End of Year wrap up 2020

2020 has come to an end. And what a year it has been. March tested our risk tolerance with a historic drop in world share markets of around 25%. Early in March, I had a look at past viral outbreaks and their effects on the share markets.

There was a suggestion going around that pandemics and epidemics effects on the market are fast-moving and often short-lived. And that the markets almost always recovered in about six months after the epidemic. This is what has happened previously. And that’s almost with the NZX50 what happened. The 6 months from Dec-19 the NZX50 returned -0.60%, and 12 months from Dec-19 the NZX50 returned 13.92%.

I update the graph from that post showing several past pandemics and epidemics and their effect on the NZX50. You can see that Covid-19 had a massive effect, but the drop was indeed a short term reaction. The NZX50, by the way, has hit another all-time high in late 2020.

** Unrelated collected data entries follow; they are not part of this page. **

(* Let $M$ be a JBW$^*$-triple and $T:M\to M$ a bounded linear map which is triple derivable at orthogonal pairs. For each tripotent $e\in M$ put $\xi_e:=\tfrac12\big(P_2(e)T(e)+Q(e)T(e)\big)\in M_2(e)$. Let $e_1,\dots,e_{m_1}$ and $v_1,\dots,v_{m_2}$ be two families of mutually orthogonal tripotents in $M$ and $\lambda_j,\mu_k>0$ with $\sum_{j=1}^{m_1}\lambda_je_j=\sum_{k=1}^{m_2}\mu_kv_k$. Then $\sum_{j=1}^{m_1}\lambda_j\xi_{e_j}=\sum_{k=1}^{m_2}\mu_k\xi_{v_k}$.
   Context: A JB$^*$-triple is a complex Banach space with a continuous triple product $\{\cdot,\cdot,\cdot\}$, bilinear and symmetric in the outer variables and conjugate-linear in the middle one, satisfying the Jordan identity $L(a,b)L(x,y)=L(x,y)L(a,b)+L(L(a,b)x,y)-L(x,L(b,a)y)$, with $L(a,a)$ hermitian of non-negative spectrum and $\|\{a,a,a\}\|=\|a\|^3$, where $L(a,b)x=\{a,b,x\}$; a JBW$^*$-triple is a JB$^*$-triple that is a dual Banach space. Elements $a,b$ are orthogonal ($a\perp b$) if $L(a,b)=0$. A linear map $T$ is triple derivable at orthogonal pairs if $\{T(a),b,c\}+\{a,T(b),c\}+\{a,b,T(c)\}=0$ for all $a,b,c$ with $a\perp b$. A tripotent is $e$ with $\{e,e,e\}=e$; $M_2(e)=\{x:\{e,e,x\}=x\}$, $P_2(e)$ is the Peirce-2 projection, $Q(e)x=\{e,x,e\}$. (By the paper's results, $\xi_e$ is the unique self-adjoint central element of the JB$^*$-algebra $M_2(e)$, with product $x\circ_e y=\{x,e,y\}$ and involution $x^{*_e}=\{e,x,e\}$, such that $P_2(e)T(a)-\xi_e\circ_e a$ is a triple derivation of $M_2(e)$.) *)

theory Defs
  imports "HOL-Analysis.Analysis"
begin

text \<open>A complex Banach space is modelled as a real Banach space (type class banach)
  together with a complex scalar multiplication sc extending the real one and
  compatible with the norm.\<close>

definition complex_scalar :: "(complex \<Rightarrow> 'a::real_normed_vector \<Rightarrow> 'a) \<Rightarrow> bool" where
  "complex_scalar sc \<longleftrightarrow>
     (\<forall>c x y. sc c (x + y) = sc c x + sc c y) \<and>
     (\<forall>c d x. sc (c + d) x = sc c x + sc d x) \<and>
     (\<forall>c d x. sc (c * d) x = sc c (sc d x)) \<and>
     (\<forall>r x. sc (complex_of_real r) x = r *\<^sub>R x) \<and>
     (\<forall>c x. norm (sc c x) = cmod c * norm x)"

definition clinear_map ::
  "(complex \<Rightarrow> 'a::plus \<Rightarrow> 'a) \<Rightarrow> (complex \<Rightarrow> 'b::plus \<Rightarrow> 'b) \<Rightarrow> ('a \<Rightarrow> 'b) \<Rightarrow> bool" where
  "clinear_map sa sb f \<longleftrightarrow>
     (\<forall>x y. f (x + y) = f x + f y) \<and> (\<forall>c x. f (sa c x) = sb c (f x))"

definition bounded_clinear_map ::
  "(complex \<Rightarrow> 'a::real_normed_vector \<Rightarrow> 'a) \<Rightarrow> (complex \<Rightarrow> 'b::real_normed_vector \<Rightarrow> 'b)
     \<Rightarrow> ('a \<Rightarrow> 'b) \<Rightarrow> bool" where
  "bounded_clinear_map sa sb f \<longleftrightarrow>
     clinear_map sa sb f \<and> (\<exists>K. \<forall>x. norm (f x) \<le> K * norm x)"

definition bounded_cfunctional ::
  "(complex \<Rightarrow> 'p::real_normed_vector \<Rightarrow> 'p) \<Rightarrow> ('p \<Rightarrow> complex) \<Rightarrow> bool" where
  "bounded_cfunctional sp f \<longleftrightarrow> bounded_clinear_map sp (*) f"

definition dual_space_iso ::
  "(complex \<Rightarrow> 'a::real_normed_vector \<Rightarrow> 'a) \<Rightarrow> (complex \<Rightarrow> 'p::real_normed_vector \<Rightarrow> 'p)
     \<Rightarrow> ('a \<Rightarrow> 'p \<Rightarrow> complex) \<Rightarrow> bool" where
  "dual_space_iso sc sp Phi \<longleftrightarrow>
     complex_scalar sp \<and>
     (\<forall>x y. Phi (x + y) = (\<lambda>p. Phi x p + Phi y p)) \<and>
     (\<forall>c x. Phi (sc c x) = (\<lambda>p. c * Phi x p)) \<and>
     (\<forall>x. bounded_cfunctional sp (Phi x)) \<and>
     (\<forall>x. onorm (Phi x) = norm x) \<and>
     (\<forall>f. bounded_cfunctional sp f \<longrightarrow> (\<exists>x. Phi x = f))"

definition op_exp_it ::
  "(complex \<Rightarrow> 'a::real_normed_vector \<Rightarrow> 'a) \<Rightarrow> ('a \<Rightarrow> 'a) \<Rightarrow> real \<Rightarrow> 'a \<Rightarrow> 'a" where
  "op_exp_it sc A t x = (\<Sum>n. sc ((\<i> * complex_of_real t) ^ n / of_nat (fact n)) ((A ^^ n) x))"

definition hermitian_op :: "(complex \<Rightarrow> 'a::real_normed_vector \<Rightarrow> 'a) \<Rightarrow> ('a \<Rightarrow> 'a) \<Rightarrow> bool" where
  "hermitian_op sc A \<longleftrightarrow> bounded_clinear_map sc sc A \<and>
     (\<forall>t::real. onorm (op_exp_it sc A t) = 1)"

definition op_spectrum :: "(complex \<Rightarrow> 'a::real_normed_vector \<Rightarrow> 'a) \<Rightarrow> ('a \<Rightarrow> 'a) \<Rightarrow> complex set" where
  "op_spectrum sc A = {c. \<not> (\<exists>S. bounded_clinear_map sc sc S \<and>
        (\<forall>x. S (A x - sc c x) = x) \<and> (\<forall>x. A (S x) - sc c (S x) = x))}"

definition nonneg_spectrum :: "(complex \<Rightarrow> 'a::real_normed_vector \<Rightarrow> 'a) \<Rightarrow> ('a \<Rightarrow> 'a) \<Rightarrow> bool" where
  "nonneg_spectrum sc A \<longleftrightarrow> (\<forall>c \<in> op_spectrum sc A. Im c = 0 \<and> Re c \<ge> 0)"

text \<open>JB*-triple: tp a b c is the triple product {a,b,c}; L a b = tp a b.\<close>

definition JB_star_triple ::
  "(complex \<Rightarrow> 'a::{real_normed_vector,banach} \<Rightarrow> 'a) \<Rightarrow> ('a \<Rightarrow> 'a \<Rightarrow> 'a \<Rightarrow> 'a) \<Rightarrow> bool" where
  "JB_star_triple sc tp \<longleftrightarrow>
     complex_scalar sc \<and>
     continuous_on UNIV (\<lambda>(a, b, c). tp a b c) \<and>
     (\<forall>b c. clinear_map sc sc (\<lambda>a. tp a b c)) \<and>
     (\<forall>a b. clinear_map sc sc (\<lambda>c. tp a b c)) \<and>
     (\<forall>a c x y. tp a (x + y) c = tp a x c + tp a y c) \<and>
     (\<forall>a c z x. tp a (sc z x) c = sc (cnj z) (tp a x c)) \<and>
     (\<forall>a b c. tp a b c = tp c b a) \<and>
     (\<forall>a b x y z. tp a b (tp x y z) =
         tp x y (tp a b z) + tp (tp a b x) y z - tp x (tp b a y) z) \<and>
     (\<forall>a. hermitian_op sc (tp a a) \<and> nonneg_spectrum sc (tp a a)) \<and>
     (\<forall>a. norm (tp a a a) = norm a ^ 3)"

text \<open>JBW*-triple: a JB*-triple which is a dual Banach space; the predual type
  'p and the isomorphism Phi are universally quantified in the theorem.\<close>

definition JBW_star_triple ::
  "(complex \<Rightarrow> 'a::{real_normed_vector,banach} \<Rightarrow> 'a) \<Rightarrow> ('a \<Rightarrow> 'a \<Rightarrow> 'a \<Rightarrow> 'a)
     \<Rightarrow> (complex \<Rightarrow> 'p::{real_normed_vector,banach} \<Rightarrow> 'p) \<Rightarrow> ('a \<Rightarrow> 'p \<Rightarrow> complex) \<Rightarrow> bool" where
  "JBW_star_triple sc tp sp Phi \<longleftrightarrow> JB_star_triple sc tp \<and> dual_space_iso sc sp Phi"

definition triple_orth :: "('a::zero \<Rightarrow> 'a \<Rightarrow> 'a \<Rightarrow> 'a) \<Rightarrow> 'a \<Rightarrow> 'a \<Rightarrow> bool" where
  "triple_orth tp a b \<longleftrightarrow> (\<forall>x. tp a b x = 0)"

definition triple_derivable_orth :: "('a::ab_group_add \<Rightarrow> 'a \<Rightarrow> 'a \<Rightarrow> 'a) \<Rightarrow> ('a \<Rightarrow> 'a) \<Rightarrow> bool" where
  "triple_derivable_orth tp T \<longleftrightarrow>
     (\<forall>a b c. triple_orth tp a b \<longrightarrow> tp (T a) b c + tp a (T b) c + tp a b (T c) = 0)"

definition tripotent :: "('a \<Rightarrow> 'a \<Rightarrow> 'a \<Rightarrow> 'a) \<Rightarrow> 'a \<Rightarrow> bool" where
  "tripotent tp e \<longleftrightarrow> tp e e e = e"

definition Qop :: "('a \<Rightarrow> 'a \<Rightarrow> 'a \<Rightarrow> 'a) \<Rightarrow> 'a \<Rightarrow> 'a \<Rightarrow> 'a" where
  "Qop tp e x = tp e x e"

definition P2 :: "('a \<Rightarrow> 'a \<Rightarrow> 'a \<Rightarrow> 'a) \<Rightarrow> 'a \<Rightarrow> 'a \<Rightarrow> 'a" where
  "P2 tp e x = Qop tp e (Qop tp e x)"

definition xi :: "('a::real_vector \<Rightarrow> 'a \<Rightarrow> 'a \<Rightarrow> 'a) \<Rightarrow> ('a \<Rightarrow> 'a) \<Rightarrow> 'a \<Rightarrow> 'a" where
  "xi tp T e = (1/2::real) *\<^sub>R (P2 tp e (T e) + Qop tp e (T e))"

end

theory Submission
  imports Defs
begin

(* For orthogonal tripotents e and f, the Jordan identity together with triple derivability
   of T at the pairs (e, f) and (f, e) gives xi(e + f) = xi(e) + xi(f); hence xi is additive on
   finite orthogonal families. Grouping equal coefficients writes both expansions of
   a = sum lam_j e_j = sum mu_k v_k as sum t E_t and sum t F_t, where E_t and F_t are sums of
   orthogonal tripotents. Both are eigenvectors of L(a, a) for the eigenvalue t^2, and
   eigenvectors for distinct eigenvalues are linearly independent, so E_t = F_t for every t. *)

lemma sum_scaleR_group_by_coefficient:
  fixes g :: "'i \<Rightarrow> 'a::real_vector"
  assumes "finite I" "finite V" "c ` I \<subseteq> V"
  shows "(\<Sum>j\<in>I. c j *\<^sub>R g j) = (\<Sum>t\<in>V. t *\<^sub>R (\<Sum>j\<in>{j\<in>I. c j = t}. g j))"
proof -
  have "(\<Sum>j\<in>I. c j *\<^sub>R g j) = (\<Sum>t\<in>V. \<Sum>j\<in>{j\<in>I. c j = t}. c j *\<^sub>R g j)"
    using sum.group[OF assms, of "\<lambda>j. c j *\<^sub>R g j"] by simp
  also have "\<dots> = (\<Sum>t\<in>V. \<Sum>j\<in>{j\<in>I. c j = t}. t *\<^sub>R g j)"
    by (intro sum.cong) auto
  also have "\<dots> = (\<Sum>t\<in>V. t *\<^sub>R (\<Sum>j\<in>{j\<in>I. c j = t}. g j))"
    by (simp add: scaleR_sum_right)
  finally show ?thesis .
qed

lemma eigenvectors_sum_eq_0_imp_zero:
  fixes D :: "'a::real_vector \<Rightarrow> 'a"
  assumes "linear D" "finite V" "inj_on c V" "\<forall>t\<in>V. D (x t) = c t *\<^sub>R x t" "sum x V = 0"
  shows "\<forall>t\<in>V. x t = 0"
  using assms(2-5)
proof (induction V arbitrary: x rule: finite_induct)
  case empty
  then show ?case by simp
next
  case (insert s V)
  have xs: "x s = - sum x V"
    using insert by (simp add: add_eq_0_iff)
  text \<open>Applying D - c s to the relation removes x s.\<close>
  define y where "y t = (c t - c s) *\<^sub>R x t" for t
  have "(\<Sum>t\<in>V. c t *\<^sub>R x t) = D (sum x V)"
    using insert by (simp add: linear_sum[OF assms(1)])
  also have "\<dots> = c s *\<^sub>R sum x V"
    using insert xs linear_neg[OF assms(1), of "sum x V"] by simp
  finally have "sum y V = 0"
    by (simp add: y_def scaleR_diff_left sum_subtractf scaleR_sum_right)
  moreover have "\<forall>t\<in>V. D (y t) = c t *\<^sub>R y t"
    using insert by (simp add: y_def linear_scale[OF assms(1)])
  moreover have "inj_on c V" and distinct: "\<forall>t\<in>V. c t \<noteq> c s"
    using insert.prems(1) insert.hyps(2) by (auto simp: inj_on_insert image_iff)
  ultimately have "\<forall>t\<in>V. y t = 0"
    using insert.IH by blast
  with distinct have "\<forall>t\<in>V. x t = 0"
    by (simp add: y_def)
  with xs show ?case by simp
qed

locale real_Jordan_triple =
  fixes tp :: "'a::real_vector \<Rightarrow> 'a \<Rightarrow> 'a \<Rightarrow> 'a"
  assumes linear_left: "linear (\<lambda>x. tp x b c)"
    and linear_middle: "linear (\<lambda>y. tp a y c)"
    and linear_right: "linear (tp a b)"
    and commute_outer: "tp a b c = tp c b a"
    and Jordan_identity: "tp a b (tp x y z) = tp x y (tp a b z) + tp (tp a b x) y z - tp x (tp b a y) z"
begin

lemmas add_left = linear_add[OF linear_left]
  and add_middle = linear_add[OF linear_middle]
  and add_right = linear_add[OF linear_right]
  and scaleR_middle = linear_scale[OF linear_middle]
  and scaleR_right = linear_scale[OF linear_right]
  and minus_middle = linear_neg[OF linear_middle]
  and diff_middle = linear_diff[OF linear_middle]
  and zero_right = linear_0[OF linear_right]
  and sum_left = linear_sum[OF linear_left]
  and sum_middle = linear_sum[OF linear_middle]
  and sum_right = linear_sum[OF linear_right]

lemma orth_left_zero: "triple_orth tp a b \<Longrightarrow> tp a b x = 0"
  by (simp add: triple_orth_def)

lemma orth_right_zero: "triple_orth tp a b \<Longrightarrow> tp x b a = 0"
  by (metis commute_outer orth_left_zero)

lemma Q_add: "tp (e + f) y (e + f) = tp e y e + tp f y f + 2 *\<^sub>R tp e y f"
  by (simp add: add_left add_right scaleR_2 commute_outer[of f y e])

lemma Q_Q_orth_zero:
  assumes "triple_orth tp f e"
  shows "tp f (tp e z e) f = 0"
  using Jordan_identity[of z e f e f] assms by (simp add: orth_left_zero orth_right_zero zero_right)

lemma L_Q_orth_zero:
  assumes "triple_orth tp f e"
  shows "tp e (tp e w e) f = 0"
proof -
  have "tp e e f = 0" "tp w e f = 0" "tp (tp w e e) e f = 0"
    using assms by (simp_all add: orth_right_zero)
  then show ?thesis
    using Jordan_identity[of w e e e f] by (simp add: zero_right)
qed

lemma Q_L_orth_zero:
  assumes "triple_orth tp e f"
  shows "tp e (tp e x f) e = 0"
  using Jordan_identity[of x e e f e] assms by (simp add: orth_left_zero orth_right_zero zero_right)

lemma L_orth_tripotent:
  assumes "tripotent tp e" and "triple_orth tp f e"
  shows "2 *\<^sub>R tp e (tp e e y) f = tp e y f"
proof -
  have fe: "tp e e f = 0" "tp (tp e y e) e f = 0"
    using assms(2) by (simp_all add: orth_right_zero)
  have "tp e e (tp e y f) = tp e y (tp e e f) + tp (tp e e e) y f - tp e (tp e e y) f"
    and "tp e y (tp e e f) = tp e e (tp e y f) + tp (tp e y e) e f - tp e (tp y e e) f"
    by (rule Jordan_identity)+
  with fe assms(1) show ?thesis
    by (simp add: tripotent_def commute_outer[of y e e] zero_right scaleR_2 algebra_simps)
qed

lemma tripotent_add_orth:
  assumes "tripotent tp e" "tripotent tp f" "triple_orth tp e f" "triple_orth tp f e"
  shows "tripotent tp (e + f)"
  using assms by (simp add: tripotent_def add_left add_middle add_right orth_left_zero orth_right_zero)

After March, I felt like we’ve skipped April to December- with the two lockdowns in March-June and August-September. Much of 2020 was a blur. But I continued my fortnightly automatic investment plan. I have switched most of my automatic investments into Kernel. My Kiwisaver kept ticking along. And our spending has been much lower due to the whole situation.

Some Numbers

Everyone likes numbers- So here are some numbers for 2020-

  • $38,000 deposited into my investment accounts in 2020- higher than the $29,500 for the year 2019.
  • $9,833 total return after tax for 2020 from my InvestNow account- slightly lower than 2019 at $10,711
  • 11.56% return before tax and after fees for my InvestNow account- which is less than half the return for 2019 which was 24%.
  • $1,233 total returns before tax for my Kernel account
  • 13.20% return for my Kernel account.
  • 11.07% after tax and fees return for my Superlife Kiwisaver
  • Since starting this blog in early 2018, I have invested a total of $92K- see graph below

My main investments are held in several accounts- with the majority being in InvestNow. In 2020 I started investing with Kernel as well. I joined Kernel to maintain some exposure to an NZ index fund since AMP had increased their buy-sell spread. And I felt that I wanted to diversify between investment firms. So right now I have money invested with;

I’m slowly getting out of Peer to peer completely- with any returns and capital being invested into index funds. Winding up my peer to peer could take me through to 2023, as many of the loans had 5-year terms.

Plethora of Funds

So all up I now have a plethora of funds- again- I’ve basically switched all the Smartshares funds I had last year and converted them into Kernel funds. Here are the funds that I have invested in;

  • Vanguard International Shares Select Exclusions Index Fund
  • Vanguard Intl Shares Select Exclusions Index Fund – NZD Hedged
  • AMP Capital NZ Shares Index Fund
  • AMP Capital Australasian Property Index Fund
  • AMP Capital All Country Global Shares Index Fund
  • Smartshares – US 500 Fund (NS) (USF)
  • Kernel NZ 20 Fund
  • Kernel Small & Mid Cap Opportunities
  • Kernel NZ Property Fund
  • Kernel S&P Global Dividend Aristocrats Fund
  • Kernel S&P Global 100 Fund
  • Kernel Global Infrastructure Fund

Again, there are many overlaps between the funds. As I mentioned earlier- but with a significant amount of money with InvestNow, I wanted to diversify a bit, hence why I now have the Kernel funds. Although I know the custodial system that protects investors in New Zealand should be sound, I feel more comfortable spreading my investments with multiple companies now.

Goals to start 2021

To help you wrap up 2020 and look towards the future, I thought I would put together a few goals that you might want to consider aiming for in 2021.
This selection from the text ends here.